_What to do_:
Each line in the entries below that holds the string "have" must be copied.

Material supplied: Begin

text \<open>The step sizes rate (k - 1) are determined by g_1, ..., g_{k-1}, so conditioning on this
  history removes the noise of g_k.\<close>
lemma integral_scaled_grad_noise:
  assumes "2 \<le> k"
  shows "integrable M (\<lambda>\<omega>. scaled_grad k i \<omega> * noise_coord k i \<omega>)"
    and "(\<integral>\<omega>. scaled_grad k i \<omega> * noise_coord k i \<omega> \<partial>M) = 0"
proof -
  interpret F: finite_measure_subalgebra M "hist M g k"
    by unfold_locales (simp add: subalgebra_hist g_measurable)
  have noise_measurable: "(\<lambda>\<omega>. noise_coord k i \<omega>) \<in> borel_measurable M"
    using grad_iterate_measurable[OF g_measurable] g_measurable[of k] by measurable
  show integrable: "integrable M (\<lambda>\<omega>. scaled_grad k i \<omega> * noise_coord k i \<omega>)"
  proof (rule integrable_scaled_grad_mult[OF assms noise_measurable])
    show "AE \<omega> in M. \<bar>noise_coord k i \<omega>\<bar> \<le> H + H"
      using AE_adafom_path
    proof eventually_elim
      case (elim \<omega>)
      have "\<bar>noise_coord k i \<omega>\<bar> \<le> \<bar>g k \<omega> $ i\<bar> + \<bar>grad (iterate k \<omega>) $ i\<bar>" by simp
      also have "\<dots> \<le> H + H"
        using adafom_path.abs_g_le[OF elim, of k i] abs_grad_le assms by (intro add_mono) auto
      finally show ?case .
    qed
  qed
  show "(\<integral>\<omega>. scaled_grad k i \<omega> * noise_coord k i \<omega> \<partial>M) = 0"
    using noise[of k i] assms
    by (intro F.integral_mult_eq_0_if_cond_exp_eq_0[OF scaled_grad_measurable_hist
          noise_measurable integrable]) auto
qed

Material supplied: End

_Answer box_:
  have noise_measurable: "(\<lambda>\<omega>. noise_coord k i \<omega>) \<in> borel_measurable M"
      have "\<bar>noise_coord k i \<omega>\<bar> \<le> \<bar>g k \<omega> $ i\<bar> + \<bar>grad (iterate k \<omega>) $ i\<bar>" by simp
      also have "\<dots> \<le> H + H"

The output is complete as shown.